_PROBLEM_
Looking at the entries below, state how many lines contain the word "Rightarrow". Give the number alone.

(Records excerpted from a collection)
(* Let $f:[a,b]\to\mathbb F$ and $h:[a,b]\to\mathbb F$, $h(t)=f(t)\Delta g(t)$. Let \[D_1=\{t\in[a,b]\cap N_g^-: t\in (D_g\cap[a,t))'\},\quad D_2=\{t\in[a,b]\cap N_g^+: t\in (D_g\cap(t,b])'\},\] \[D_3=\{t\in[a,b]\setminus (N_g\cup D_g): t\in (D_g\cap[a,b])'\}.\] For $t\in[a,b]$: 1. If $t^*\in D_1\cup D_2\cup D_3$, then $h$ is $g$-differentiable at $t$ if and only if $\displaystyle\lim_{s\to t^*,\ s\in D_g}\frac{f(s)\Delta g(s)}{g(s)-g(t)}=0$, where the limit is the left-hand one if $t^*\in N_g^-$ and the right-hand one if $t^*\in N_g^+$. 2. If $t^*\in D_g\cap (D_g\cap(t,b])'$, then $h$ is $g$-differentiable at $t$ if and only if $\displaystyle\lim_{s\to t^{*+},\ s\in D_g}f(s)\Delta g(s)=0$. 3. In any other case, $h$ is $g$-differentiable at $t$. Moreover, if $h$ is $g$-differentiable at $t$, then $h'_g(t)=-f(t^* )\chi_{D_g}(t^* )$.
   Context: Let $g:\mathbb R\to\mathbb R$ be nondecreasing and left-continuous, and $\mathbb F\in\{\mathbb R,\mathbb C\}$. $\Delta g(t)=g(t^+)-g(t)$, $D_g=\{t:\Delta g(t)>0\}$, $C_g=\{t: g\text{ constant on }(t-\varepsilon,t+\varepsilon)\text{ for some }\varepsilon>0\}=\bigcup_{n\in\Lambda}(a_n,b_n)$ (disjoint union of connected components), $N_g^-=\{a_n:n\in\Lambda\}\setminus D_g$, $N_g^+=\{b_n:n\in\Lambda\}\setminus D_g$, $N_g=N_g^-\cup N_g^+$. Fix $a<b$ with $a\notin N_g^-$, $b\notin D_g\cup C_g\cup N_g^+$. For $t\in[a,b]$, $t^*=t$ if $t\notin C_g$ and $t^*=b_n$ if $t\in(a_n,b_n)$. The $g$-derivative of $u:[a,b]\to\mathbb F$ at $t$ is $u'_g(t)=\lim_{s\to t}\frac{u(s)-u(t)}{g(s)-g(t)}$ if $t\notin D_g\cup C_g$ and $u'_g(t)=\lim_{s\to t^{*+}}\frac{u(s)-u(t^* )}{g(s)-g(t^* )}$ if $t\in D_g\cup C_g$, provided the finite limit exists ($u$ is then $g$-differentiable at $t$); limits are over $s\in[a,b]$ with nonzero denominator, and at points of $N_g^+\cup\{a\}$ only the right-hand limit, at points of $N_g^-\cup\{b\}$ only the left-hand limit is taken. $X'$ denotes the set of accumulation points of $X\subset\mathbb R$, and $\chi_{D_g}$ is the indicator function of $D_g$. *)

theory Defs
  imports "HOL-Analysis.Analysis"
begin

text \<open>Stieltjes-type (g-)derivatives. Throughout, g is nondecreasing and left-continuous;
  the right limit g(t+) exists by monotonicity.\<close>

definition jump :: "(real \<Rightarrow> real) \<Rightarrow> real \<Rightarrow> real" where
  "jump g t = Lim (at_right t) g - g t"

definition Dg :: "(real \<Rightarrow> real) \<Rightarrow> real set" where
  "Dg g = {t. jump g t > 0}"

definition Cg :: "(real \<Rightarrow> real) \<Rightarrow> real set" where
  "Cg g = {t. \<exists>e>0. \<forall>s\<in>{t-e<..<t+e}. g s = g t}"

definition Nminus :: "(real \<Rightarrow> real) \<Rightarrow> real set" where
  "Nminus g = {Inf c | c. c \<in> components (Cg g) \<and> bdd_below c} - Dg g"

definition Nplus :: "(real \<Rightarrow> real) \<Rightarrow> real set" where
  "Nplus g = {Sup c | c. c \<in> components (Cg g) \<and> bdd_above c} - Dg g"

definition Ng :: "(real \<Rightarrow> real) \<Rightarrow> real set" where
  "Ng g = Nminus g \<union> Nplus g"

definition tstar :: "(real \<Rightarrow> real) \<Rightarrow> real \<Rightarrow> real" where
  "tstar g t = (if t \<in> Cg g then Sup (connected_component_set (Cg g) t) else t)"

* * *

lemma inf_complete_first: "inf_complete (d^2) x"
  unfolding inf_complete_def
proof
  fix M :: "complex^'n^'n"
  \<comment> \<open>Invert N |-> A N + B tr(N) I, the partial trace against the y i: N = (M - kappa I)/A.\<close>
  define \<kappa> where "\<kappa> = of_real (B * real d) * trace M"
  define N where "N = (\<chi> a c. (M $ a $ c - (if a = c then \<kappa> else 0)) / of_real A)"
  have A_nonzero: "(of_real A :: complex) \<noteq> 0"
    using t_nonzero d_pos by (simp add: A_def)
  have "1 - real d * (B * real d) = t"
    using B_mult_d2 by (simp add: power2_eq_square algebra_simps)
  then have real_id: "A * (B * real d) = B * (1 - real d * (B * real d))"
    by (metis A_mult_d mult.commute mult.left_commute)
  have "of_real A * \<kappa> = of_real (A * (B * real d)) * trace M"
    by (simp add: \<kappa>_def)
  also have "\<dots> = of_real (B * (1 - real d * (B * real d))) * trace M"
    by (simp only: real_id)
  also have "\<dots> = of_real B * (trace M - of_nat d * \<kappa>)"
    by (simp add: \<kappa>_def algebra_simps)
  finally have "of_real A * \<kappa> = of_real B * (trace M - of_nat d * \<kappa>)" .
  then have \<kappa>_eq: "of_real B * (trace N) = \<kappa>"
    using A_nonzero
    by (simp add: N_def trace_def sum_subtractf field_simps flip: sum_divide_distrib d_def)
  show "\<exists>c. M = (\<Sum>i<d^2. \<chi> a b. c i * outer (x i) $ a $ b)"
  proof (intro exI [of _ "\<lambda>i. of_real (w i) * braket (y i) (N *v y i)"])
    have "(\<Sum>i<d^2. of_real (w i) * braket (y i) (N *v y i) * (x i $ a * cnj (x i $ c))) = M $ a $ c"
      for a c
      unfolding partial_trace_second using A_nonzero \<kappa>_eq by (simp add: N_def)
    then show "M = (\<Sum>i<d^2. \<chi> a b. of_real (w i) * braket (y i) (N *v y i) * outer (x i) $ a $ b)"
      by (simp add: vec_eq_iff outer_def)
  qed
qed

---

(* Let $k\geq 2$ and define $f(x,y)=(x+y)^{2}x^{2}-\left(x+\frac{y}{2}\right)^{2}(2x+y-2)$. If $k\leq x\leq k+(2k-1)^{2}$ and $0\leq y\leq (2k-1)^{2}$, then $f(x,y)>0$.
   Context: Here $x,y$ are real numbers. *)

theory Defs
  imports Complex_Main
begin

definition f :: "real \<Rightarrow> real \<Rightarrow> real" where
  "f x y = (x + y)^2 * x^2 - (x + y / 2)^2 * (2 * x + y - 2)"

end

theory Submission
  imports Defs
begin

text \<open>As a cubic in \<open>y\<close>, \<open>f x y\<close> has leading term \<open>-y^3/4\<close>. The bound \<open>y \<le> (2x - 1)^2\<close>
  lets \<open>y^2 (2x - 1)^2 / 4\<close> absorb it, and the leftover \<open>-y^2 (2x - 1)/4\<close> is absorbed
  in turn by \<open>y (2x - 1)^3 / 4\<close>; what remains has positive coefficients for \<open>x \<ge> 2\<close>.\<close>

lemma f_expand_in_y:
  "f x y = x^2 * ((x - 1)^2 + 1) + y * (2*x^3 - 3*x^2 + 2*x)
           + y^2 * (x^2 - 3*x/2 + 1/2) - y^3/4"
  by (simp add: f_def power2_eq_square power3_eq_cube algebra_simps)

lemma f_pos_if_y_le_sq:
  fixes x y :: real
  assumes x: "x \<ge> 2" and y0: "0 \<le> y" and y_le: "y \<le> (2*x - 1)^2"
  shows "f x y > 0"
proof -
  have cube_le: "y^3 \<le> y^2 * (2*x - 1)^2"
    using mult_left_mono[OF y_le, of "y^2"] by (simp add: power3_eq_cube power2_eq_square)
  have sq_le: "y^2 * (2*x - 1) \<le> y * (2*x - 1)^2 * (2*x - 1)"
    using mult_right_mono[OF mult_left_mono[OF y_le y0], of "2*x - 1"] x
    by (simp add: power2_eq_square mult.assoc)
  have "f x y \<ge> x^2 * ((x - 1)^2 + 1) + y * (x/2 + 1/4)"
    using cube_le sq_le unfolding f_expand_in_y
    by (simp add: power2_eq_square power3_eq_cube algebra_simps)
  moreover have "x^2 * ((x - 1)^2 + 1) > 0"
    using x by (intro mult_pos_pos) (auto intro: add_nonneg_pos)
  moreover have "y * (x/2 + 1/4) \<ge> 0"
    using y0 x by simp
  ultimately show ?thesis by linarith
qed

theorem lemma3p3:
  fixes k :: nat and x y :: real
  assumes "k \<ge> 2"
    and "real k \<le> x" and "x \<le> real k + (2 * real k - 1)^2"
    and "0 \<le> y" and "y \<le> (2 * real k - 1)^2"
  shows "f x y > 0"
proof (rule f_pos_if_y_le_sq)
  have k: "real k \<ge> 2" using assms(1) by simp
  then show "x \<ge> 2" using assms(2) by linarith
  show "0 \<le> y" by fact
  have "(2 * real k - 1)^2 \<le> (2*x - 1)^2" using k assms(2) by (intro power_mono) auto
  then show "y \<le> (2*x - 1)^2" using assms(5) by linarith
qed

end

_RESULT FOR THIS TASK_
8